The faces in the audience were extremely fuzzy now but he could still recognise the bewilderment written on most of them. Which was hardly surprising as he no longer had any idea himself what he was talking about. Oh god... the underdone lamb and the over- done alcohol in his stomach had begun to react together and he felt nauseous.
“Right, well, Thanks very much.” He half-heartedly hefted the award and slunk away, slump-shouldered, stage left. It would have been far, far better if he’d ended the speech after “well, well.” Now the whole writing industry would think him a complete ingrate, biting the hand that fed, belittling their craft, showing his contempt for their work which, if nothing else, demanded commitment, stamina and courage. He’d never work again in the industry he never wanted to work in again.
Something acidic, volcanic, was travelling upwards from gut to throat and his legs wanted to move in opposite directions. He eased himself onto a chair at the side of the stage, half-hidden behind the sound equipment and half-wrapped in the heavy, dark curtains. Maybe no-one would see him here and he could die in peace.
“Hello, Rob. Congratulations. Great speech. I think. Really... you know...”
Someone was standing in front of him, leaning forward, head to one side as though choosing between tins of cat food on a supermarket shelf.
“Hope! Thought you were still in Rwanda.”
“I am. Well, not tonight, obviously. Just back for a few days.”
She sat down beside him on another chair half-wrapped in the curtains. “You won then.”
“It would seem so, yeah. So, how’s working for Medecins Sans Frontieres? ”
“Great, learning a lot. Keeping a diary.”
“Fantastic. Think I might come out and join you after that speech.”
“No, no, it was good. I know exactly what you meant.”
“Really?

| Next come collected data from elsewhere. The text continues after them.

lemma qreal_mult: "qreal x * qreal y = qreal (x * y)"
  by (rule quat_eqI) (simp_all add: quat_mult_components)

lemma qreal_add: "qreal x + qreal y = qreal (x + y)"
  by (rule quat_eqI) simp_all

lemma qreal_diff: "qreal x - qreal y = qreal (x - y)"
  by (rule quat_eqI) simp_all

lemma qreal_0 [simp]: "qreal 0 = 0"
  by (rule quat_eqI) simp_all

lemma qreal_1 [simp]: "qreal 1 = 1"
  by (rule quat_eqI) simp_all

lemma qreal_2: "qreal 2 = 2"
  by (metis one_add_one qreal_1 qreal_add)

lemma qreal_sum: "qreal (sum f A) = (\<Sum>x\<in>A. qreal (f x))"
  by (induction A rule: infinite_finite_induct) (simp_all add: qreal_add[symmetric])

lemma qre_sum: "qre (sum f A) = (\<Sum>x\<in>A. qre (f x))"
  by (induction A rule: infinite_finite_induct) simp_all

lemma qre_qreal_mult [simp]: "qre (qreal x * p) = x * qre p"
  by (simp add: quat_mult_components)

lemma qre_mult_commute: "qre (p * q) = qre (q * p)"
  by (simp add: quat_mult_components algebra_simps)

lemma qre_mult_qreal_mult: "qre (p * qreal x * q) = x * qre (p * q)"
proof -
  have "p * qreal x * q = qreal x * (p * q)"
    by (metis mult.assoc qreal_commute)
  then show ?thesis
    by simp
qed

lemma qcnj_mult_self: "qcnj p * p = qreal (qnorm2 p)"
  by (rule quat_eqI) (simp_all add: qnorm2_def quat_mult_components power2_eq_square algebra_simps)

lemma mult_qcnj_self: "p * qcnj p = qreal (qnorm2 p)"
  by (rule quat_eqI) (simp_all add: qnorm2_def quat_mult_components power2_eq_square algebra_simps)

lemma qnorm2_nonneg [simp]: "0 \<le> qnorm2 p"
  by (simp add: qnorm2_def)

lemma qnorm2_eq_0_iff [simp]: "qnorm2 p = 0 \<longleftrightarrow> p = 0"
proof
  assume "qnorm2 p = 0"
  then have "qre p = 0 \<and> qim_i p = 0 \<and> qim_j p = 0 \<and> qim_k p = 0"
    unfolding qnorm2_def by (simp add: add_nonneg_eq_0_iff)
  then show "p = 0"
    by (intro quat_eqI) simp_all
qed (simp add: qnorm2_def)

lemma qnorm2_0 [simp]: "qnorm2 0 = 0" and qnorm2_1 [simp]: "qnorm2 1 = 1"
  by (simp_all add: qnorm2_def)

lemma qnorm2_mult: "qnorm2 (p * q) = qnorm2 p * qnorm2 q"
  by (simp add: qnorm2_def quat_mult_components power2_eq_square algebra_simps)

lemma qnorm2_qcnj [simp]: "qnorm2 (qcnj p) = qnorm2 p"
  by (simp add: qnorm2_def)

lemma qnorm2_uminus [simp]: "qnorm2 (- p) = qnorm2 p"
  by (simp add: qnorm2_def)

lemma qnorm2_qreal [simp]: "qnorm2 (qreal x) = x\<^sup>2"
  by (simp add: qnorm2_def)

lemma qre_mult_qcnj: "qre (p * qcnj q) = (qnorm2 p + qnorm2 q - qnorm2 (p - q)) / 2"
  by (simp add: qnorm2_def quat_mult_components power2_eq_square algebra_simps)

lemma qre_mult_qcnj_le: "qre (p * qcnj q) \<le> (qnorm2 p + qnorm2 q) / 2"
  using qnorm2_nonneg[of "p - q"] by (simp add: qre_mult_qcnj)

definition qphase :: "quat \<Rightarrow> quat" where
  "qphase q = (if q = 0 then 1 else qreal (1 / sqrt (qnorm2 q)) * qcnj q)"

lemma mult_qphase: "q * qphase q = qreal (sqrt (qnorm2 q))"
proof (cases "q = 0")
  case False
  then have "0 < qnorm2 q"
    using qnorm2_nonneg[of q] qnorm2_eq_0_iff[of q] by linarith
  have "q * qphase q = qreal (1 / sqrt (qnorm2 q)) * (q * qcnj q)"
    using False by (simp add: qphase_def qreal_commute mult.assoc)
  also have "\<dots> = qreal (qnorm2 q / sqrt (qnorm2 q))"
    by (simp add: mult_qcnj_self qreal_mult)
  finally show ?thesis
    using \<open>0 < qnorm2 q\<close> by (simp add: real_div_sqrt)
qed (simp add: qphase_def)

lemma qnorm2_qphase: "qnorm2 (qphase q) = 1"
  by (simp add: qphase_def qnorm2_mult power_divide)

lemma qphase_mult_qcnj: "qphase q * qcnj (qphase q) = 1"
  by (simp add: mult_qcnj_self qnorm2_qphase)

section \<open>Quaternion matrices and singular value decompositions\<close>

declare index_mult_mat(1) [simp del]

lemma sum_delta_mult:
  fixes f :: "nat \<Rightarrow> 'a :: semiring_1"
  assumes "i < N"
  shows "(\<Sum>t<N. (if i = t then 1 else 0) * f t) = f i"
    and "(\<Sum>t<N. f t * (if t = i then 1 else 0)) = f i"
proof -
  have "(\<Sum>t<N. (if i = t then 1 else 0) * f t) = (\<Sum>t<N. if t = i then f t else 0)"
    by (rule sum.cong) auto
  also have "\<dots> = f i"
    using assms by simp
  finally show "(\<Sum>t<N. (if i = t then 1 else 0) * f t) = f i" .
  have "(\<Sum>t<N. f t * (if t = i then 1 else 0)) = (\<Sum>t<N. if t = i then f t else 0)"
    by (rule sum.cong) auto
  also have "\<dots> = f i"
    using assms by simp
  finally show "(\<Sum>t<N. f t * (if t = i then 1 else 0)) = f i" .
qed

lemma index_mult_mat_sum:
  assumes "A \<in> carrier_mat k l" "B \<in> carrier_mat l p" "i < k" "j < p"
  shows "(A * B) $$ (i, j) = (\<Sum>t<l. A $$ (i, t) * B $$ (t, j))"
  using assms by (auto simp: index_mult_mat(1) scalar_prod_def atLeast0LessThan intro!: sum.cong)

lemma index_mult_mat_col_cong:
  "i < dim_row A \<Longrightarrow> j < dim_col B \<Longrightarrow> j < dim_col B' \<Longrightarrow> col B j = col B' j \<Longrightarrow>
    (A * B) $$ (i, j) = (A * B') $$ (i, j)"
  by (simp add: index_mult_mat(1))

lemma qadj_dims [simp]: "dim_row (qadj A) = dim_col A" "dim_col (qadj A) = dim_row A"
  by (simp_all add: qadj_def)

lemma qadj_carrier [simp]: "A \<in> carrier_mat k l \<Longrightarrow> qadj A \<in> carrier_mat l k"
  unfolding carrier_mat_def by simp

lemma qadj_index [simp]: "i < dim_col A \<Longrightarrow> j < dim_row A \<Longrightarrow> qadj A $$ (i, j) = qcnj (A $$ (j, i))"
  by (simp add: qadj_def)

lemma qadj_qadj [simp]: "qadj (qadj A) = A"
  by (rule eq_matI) auto

lemma qadj_mult_carrier:
  assumes A: "A \<in> carrier_mat k l" and B: "B \<in> carrier_mat l p"
  shows "qadj (A * B) = qadj B * qadj A"
proof (rule eq_matI)
  fix i j assume "i < dim_row (qadj B * qadj A)" "j < dim_col (qadj B * qadj A)"
  then have i: "i < p" and j: "j < k"
    using A B by (simp_all add: index_mult_mat(2,3))
  have "qadj (A * B) $$ (i, j) = (\<Sum>t<l. qcnj (B $$ (t, i)) * qcnj (A $$ (j, t)))"
    using A B i j by (simp add: index_mult_mat(2,3) index_mult_mat_sum[OF A B] qcnj_sum qcnj_mult)
  also have "\<dots> = (qadj B * qadj A) $$ (i, j)"
    using A B i j by (simp add: index_mult_mat_sum[of _ p l _ k])
  finally show "qadj (A * B) $$ (i, j) = (qadj B * qadj A) $$ (i, j)" .
qed (use A B in \<open>simp_all add: index_mult_mat(2,3)\<close>)

lemma qadj_mult: "dim_col A = dim_row B \<Longrightarrow> qadj (A * B) = qadj B * qadj A"
  by (metis qadj_mult_carrier carrier_mat_triv)

lemma assoc_mult_mat_dims: "dim_col A = dim_row B \<Longrightarrow> dim_col B = dim_row C \<Longrightarrow> A * B * C = A * (B * C)"
  by (metis assoc_mult_mat carrier_mat_triv)

lemma qunitary_carrier: "qunitary k U \<Longrightarrow> U \<in> carrier_mat k k"
  by (simp add: qunitary_def)

lemma qunitary_qadj: "qunitary k U \<Longrightarrow> qunitary k (qadj U)"
  by (auto simp: qunitary_def)

lemma qunitary_cancel_left:
  assumes "qunitary k U" "X \<in> carrier_mat k l"
  shows "qadj U * (U * X) = X" and "U * (qadj U * X) = X"
  using assms assoc_mult_mat[of "qadj U" k k U k X l] assoc_mult_mat[of U k k "qadj U" k X l]
  by (simp_all add: qunitary_def)

lemma qunitary_mult:
  assumes U: "qunitary k U" and V: "qunitary k V"
  shows "qunitary k (U * V)"
proof -
  have carriers: "U \<in> carrier_mat k k" "V \<in> carrier_mat k k"
    using U V by (simp_all add: qunitary_carrier)
  have "qadj (U * V) * (U * V) = qadj V * (qadj U * (U * V))"
    using carriers by (simp add: qadj_mult assoc_mult_mat[of _ k k _ k _ k])
  also have "\<dots> = 1\<^sub>m k"
    using qunitary_cancel_left(1)[OF U carriers(2)] V by (simp add: qunitary_def)
  finally have "qadj (U * V) * (U * V) = 1\<^sub>m k" .
  moreover have "(U * V) * qadj (U * V) = U * (V * (qadj V * qadj U))"
    using carriers
    by (simp add: qadj_mult assoc_mult_mat[of _ k k _ k _ k] mult_carrier_mat[of _ k k _ k])
  moreover have "\<dots> = 1\<^sub>m k"
    using qunitary_cancel_left(2)[OF V qadj_carrier[OF carriers(1)]] U by (simp add: qunitary_def)
  ultimately show ?thesis
    using carriers by (simp add: qunitary_def)
qed

lemma qunitary_col_inner:
  assumes U: "qunitary k U" and "i < k" "j < k"
  shows "(\<Sum>t<k. qcnj (U $$ (t, i)) * U $$ (t, j)) = (if i = j then 1 else 0)"
proof -
  have "(qadj U * U) $$ (i, j) = (\<Sum>t<k. qcnj (U $$ (t, i)) * U $$ (t, j))"
    using assms qunitary_carrier[OF U] by (simp add: index_mult_mat_sum[of _ k k _ k])
  then show ?thesis
    using assms by (simp add: qunitary_def)
qed

lemma qunitary_col_norm:
  assumes "qunitary k U" "j < k"
  shows "(\<Sum>t<k. qnorm2 (U $$ (t, j))) = 1"
  using arg_cong[OF qunitary_col_inner[OF assms(1,2,2)], of qre]
  by (simp add: qre_sum qcnj_mult_self)

lemma qunitary_row_norm:
  assumes "qunitary k U" "i < k"
  shows "(\<Sum>t<k. qnorm2 (U $$ (i, t))) = 1"
  using qunitary_col_norm[OF qunitary_qadj[OF assms(1)] assms(2)] assms
    carrier_matD[OF qunitary_carrier[OF assms(1)]]
  by simp

lemma diag_rect_carrier [simp]: "diag_rect m n s \<in> carrier_mat m n"
  by (simp add: diag_rect_def)

lemma diag_rect_dims [simp]: "dim_row (diag_rect m n s) = m" "dim_col (diag_rect m n s) = n"
  by (simp_all add: diag_rect_def)

lemma diag_rect_index [simp]:
  "i < m \<Longrightarrow> j < n \<Longrightarrow> diag_rect m n s $$ (i, j) = (if i = j then qreal (s i) else 0)"
  by (simp add: diag_rect_def)

lemma qadj_diag_rect [simp]: "qadj (diag_rect m n s) = diag_rect n m s"
  by (rule eq_matI) auto

lemma mult_diag_rect_index:
  assumes "M \<in> carrier_mat k p" "i < k" "j < q"
  shows "(M * diag_rect p q s) $$ (i, j) = (if j < p then M $$ (i, j) * qreal (s j) else 0)"
  using assms by (simp add: index_mult_mat_sum[of _ k p _ q] if_distrib[of "(*) _"] cong: if_cong)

I thought Wittgenstein might have struggled a bit.”
The MC launched into another song, this one comparing the government’s attitude to the arts to Torquemada’s attitude towards heretics. Gerry passed by, silently proffering a bottle of wine. Rob shook his head. Water was what he needed. Sluice the alcohol through, send it down the porcelain passage to the harbour. And a taxi. Yes, he didn’t fancy the train. Be full of drunks.
“... the night, you know, when things went a bit...”

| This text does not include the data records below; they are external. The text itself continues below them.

lemma unit_vec_state_sqnorm:
  assumes "unit_vec_state (d * D) v"
  shows "(\<Sum>j<d. \<Sum>k<D. v $ (j * D + k) * cnj (v $ (j * D + k))) = 1"
proof -
  have "(\<Sum>j<d. \<Sum>k<D. v $ (j * D + k) * cnj (v $ (j * D + k))) = (\<Sum>a<d * D. v $ a * cnj (v $ a))"
    unfolding sum_lessThan_mult ..
  also have "\<dots> = of_real (\<Sum>a<d * D. (cmod (v $ a))\<^sup>2)"
    unfolding of_real_sum by (intro sum.cong refl) (rule complex_norm_square[symmetric])
  finally show ?thesis
    using assms unfolding unit_vec_state_def by simp
qed

lemma sesq_le_sqnorm:
  assumes "\<And>z. Re (\<Sum>a<d * D. \<Sum>b<d * D. cnj (z a) * A $$ (a, b) * z b) \<le> Re (\<Sum>a<d * D. cnj (z a) * z a)"
  shows "Re (sesq d D (\<lambda>j l j' l'. A $$ (j * D + l, j' * D + l')) x x)
      \<le> Re (\<Sum>j<d. \<Sum>k<D. x j k * cnj (x j k))"
proof -
  have "Re (sesq d D (\<lambda>j l j' l'. A $$ (j * D + l, j' * D + l')) x x)
      \<le> Re (\<Sum>a<d * D. cnj (x (a div D) (a mod D)) * x (a div D) (a mod D))"
    using assms[of "\<lambda>a. x (a div D) (a mod D)"]
    unfolding sesq_eq_quadratic_form[of d D "\<lambda>a b. A $$ (a, b)"] .
  also have "(\<Sum>a<d * D. cnj (x (a div D) (a mod D)) * x (a div D) (a mod D))
      = (\<Sum>j<d. \<Sum>k<D. x j k * cnj (x j k))"
    unfolding sum_lessThan_mult by (simp add: mult.commute)
  finally show ?thesis .
qed

lemma ppt_pure_state_bound:
  fixes v :: "complex vec" and A :: "complex mat" and \<delta> :: real
  assumes "0 < d" and v: "unit_vec_state (d * D) v" and ent: "log 2 d - \<delta> \<le> ent d D v"
    and psd: "psd (d * D) A" and ppt: "PPT d D A"
    and le_id: "\<And>z. Re (\<Sum>a<d * D. \<Sum>b<d * D. cnj (z a) * A $$ (a, b) * z b) \<le> Re (\<Sum>a<d * D. cnj (z a) * z a)"
    and "0 \<le> \<delta>" and "sqrt 2 * \<delta> powr (1/4) \<le> 1"
  shows "Re (mtrace (proj v * A)) \<le> Re (mtrace A) / d + sqrt 2 * \<delta> powr (1/4)"
proof -
  define X where "X = (\<lambda>j k. v $ (j * D + k))"
  define M where "M = (\<lambda>j l j' l'. A $$ (j * D + l, j' * D + l'))"
  have vc: "v \<in> carrier_vec (d * D)"
    using v unfolding unit_vec_state_def by auto
  have Ac: "A \<in> carrier_mat (d * D) (d * D)"
    using psd unfolding psd_def by auto
  obtain u lam where u: "orthonormal d u" and dec: "eigendecomp d (gram D X) u lam"
    and "ent d D v = - (\<Sum>m<d. if lam m = 0 then 0 else lam m * log 2 (lam m))"
    using ent_eigendecomp[OF vc] unfolding X_def by blast
  with ent have "Re (sesq d D M X X) \<le> Re (\<Sum>j<d. \<Sum>k<D. M j k j k) / d + sqrt 2 * \<delta> powr (1/4)"
    using ppt_overlap_bound[OF \<open>0 < d\<close> _ _ sesq_le_sqnorm[OF le_id] u dec] psd_form_of_PPT[OF ppt]
      psd_form_of_psd[OF psd] unit_vec_state_sqnorm[OF v] assms(7,8)
    unfolding M_def X_def by simp
  moreover have "mtrace (proj v * A) = sesq d D M X X"
    unfolding mtrace_proj_mult[OF vc Ac] quadratic_form_eq_sesq M_def X_def ..
  moreover have "mtrace A = (\<Sum>j<d. \<Sum>k<D. M j k j k)"
    using Ac unfolding mtrace_def M_def by (simp add: sum_lessThan_mult)
  ultimately show ?thesis
    by simp
qed

lemma povm_element_le_id:
  assumes "POVM n N M" and "i < N"
  shows "Re (\<Sum>a<n. \<Sum>b<n. cnj (z a) * M i $$ (a, b) * z b) \<le> Re (\<Sum>a<n. cnj (z a) * z a)"
proof -
  have Msum: "(\<Sum>i<N. M i $$ (a, b)) = (if a = b then 1 else 0)" if "a < n" "b < n" for a b
    using assms(1) that unfolding POVM_def by blast
  define Q where "Q = (\<lambda>i. Re (\<Sum>a<n. \<Sum>b<n. cnj (z a) * M i $$ (a, b) * z b))"
  have "(\<Sum>i<N. \<Sum>a<n. \<Sum>b<n. cnj (z a) * M i $$ (a, b) * z b)
      = (\<Sum>a<n. \<Sum>b<n. cnj (z a) * (\<Sum>i<N. M i $$ (a, b)) * z b)"
    by (subst sum_rotate3) (simp add: sum_distrib_left sum_distrib_right)
  also have "\<dots> = (\<Sum>a<n. \<Sum>b<n. cnj (z a) * z b * (if a = b then 1 else 0))"
    by (intro sum.cong refl) (simp add: Msum mult_ac)
  also have "\<dots> = (\<Sum>a<n. cnj (z a) * z a)"
    by (intro sum.cong refl) simp
  finally have "(\<Sum>i<N. Q i) = Re (\<Sum>a<n. cnj (z a) * z a)"
    unfolding Q_def by (simp only: Re_sum[symmetric])
  moreover have "Q i \<le> (\<Sum>i<N. Q i)"
    using assms psd_quadratic_form_nonneg unfolding POVM_def Q_def by (intro member_le_sum) auto
  ultimately show ?thesis
    by (simp add: Q_def)
qed

lemma povm_trace_sum:
  assumes "POVM n N M"
  shows "(\<Sum>i<N. Re (mtrace (M i))) = n"
proof -
  have "dim_row (M i) = n" if "i < N" for i
    using assms that unfolding POVM_def psd_def by auto
  then have "(\<Sum>i<N. mtrace (M i)) = (\<Sum>i<N. \<Sum>a<n. M i $$ (a, a))"
    unfolding mtrace_def by (intro sum.cong) auto
  also have "\<dots> = (\<Sum>a<n. \<Sum>i<N. M i $$ (a, a))"
    by (rule sum.swap)
  also have "\<dots> = of_nat n"
    using assms unfolding POVM_def by simp
  finally show ?thesis
    by (metis Re_complex_of_real Re_sum of_real_of_nat_eq)
qed

lemma povm_overlap_le_one:
  assumes "POVM n N M" and "i < N" and "unit_vec_state n v"
  shows "Re (mtrace (proj v * M i)) \<le> 1"
proof -
  have "v \<in> carrier_vec n" and unit: "(\<Sum>a<n. (cmod (v $ a))\<^sup>2) = 1"
    using assms(3) unfolding unit_vec_state_def by auto
  moreover have "M i \<in> carrier_mat n n"
    using assms(1,2) unfolding POVM_def psd_def by auto
  ultimately have "Re (mtrace (proj v * M i)) \<le> Re (\<Sum>a<n. cnj (v $ a) * v $ a)"
    using povm_element_le_id[OF assms(1,2)] by (simp add: mtrace_proj_mult)
  also have "\<dots> = 1"
    using unit by (simp add: Re_sum complex_mult_cnj cmod_def power2_eq_square)
  finally show ?thesis .
qed

theorem mainTheorem5:
  fixes dB dC N :: nat and \<phi> M :: "nat \<Rightarrow> _" and \<delta> \<epsilon> :: real
  assumes "0 < dB" and "dB \<le> dC"
    and "\<And>i. i < N \<Longrightarrow> unit_vec_state (dB*dC) (\<phi> i)"
    and "\<delta> \<ge> 0"
    and "\<And>i. i < N \<Longrightarrow> ent dB dC (\<phi> i) \<ge> log 2 (real dB) - \<delta>"
    and "POVM (dB*dC) N M"
    and "\<And>i. i < N \<Longrightarrow> PPT dB dC (M i)"
    and "\<And>i. i < N \<Longrightarrow> Re (mtrace (proj (\<phi> i) * M i)) \<ge> 1 - \<epsilon>"
    and "\<epsilon> + sqrt 2 * \<delta> powr (1/4) < 1"
  shows "real N \<le> real dC / (1 - \<epsilon> - sqrt 2 * \<delta> powr (1/4))"
proof (cases "N = 0")
  case False
  define \<eta> where "\<eta> = sqrt 2 * \<delta> powr (1/4)"
  have "1 - \<epsilon> \<le> 1"
    using assms(8)[of 0] povm_overlap_le_one[OF assms(6) _ assms(3)] False by fastforce
  then have "\<eta> \<le> 1"
    using assms(9) by (simp add: \<eta>_def)
  have "1 - \<epsilon> \<le> Re (mtrace (M i)) / dB + \<eta>" if "i < N" for i
  proof -
    have "psd (dB * dC) (M i)"
      using assms(6) that unfolding POVM_def by blast
    from ppt_pure_state_bound[OF assms(1) assms(3)[OF that] assms(5)[OF that] this assms(7)[OF that]
        povm_element_le_id[OF assms(6) that] assms(4) \<open>\<eta> \<le> 1\<close>[unfolded \<eta>_def]]
    show ?thesis
      using assms(8)[OF that] unfolding \<eta>_def by linarith
  qed
  then have "real N * (1 - \<epsilon>) \<le> (\<Sum>i<N. Re (mtrace (M i)) / dB + \<eta>)"
    using sum_mono[of "{..<N}" "\<lambda>_. 1 - \<epsilon>"] by simp
  also have "\<dots> = real dC + real N * \<eta>"
    using povm_trace_sum[OF assms(6)] \<open>0 < dB\<close> by (simp add: sum.distrib flip: sum_divide_distrib)
  finally show ?thesis
    using assms(9) by (simp add: \<eta>_def field_simps)
qed (use assms(9) in simp)

end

“Sorry, what did you say?”
Hope sighed. “You remember the live episode? Well, of course you do. I was trying to tell you something before we went down to the studio?”
“I have a vague recollection.”
“What I was going to say, to ask, was if you remembered Judy Bunn.”
“Used to be on Home and Away?”
“No, no, she used to teach English as a Second Language at Hornsby TAFE. Same time as you.”
He forced the jammed cogs in his brain to turn. It hurt. Judy Bunn... Judy Bunn... oh, god, yes, Judy Bunn.
“Blonde, bit of a hippy, came from Yorkshire. Which is why you had all these boat people running around saying “ee by gum, trouble ‘at mill.” What about her?”
“So you did know her?”
“Yes.”
“Very well?”
“Not really. Although there was this staff Christmas party and... oh, god!”
Hope smiled, lips slightly curled, eyes a little sad, demeanour a touch expectant, pausing in the way that characters in soap operas pause before they deliver the end of episode line.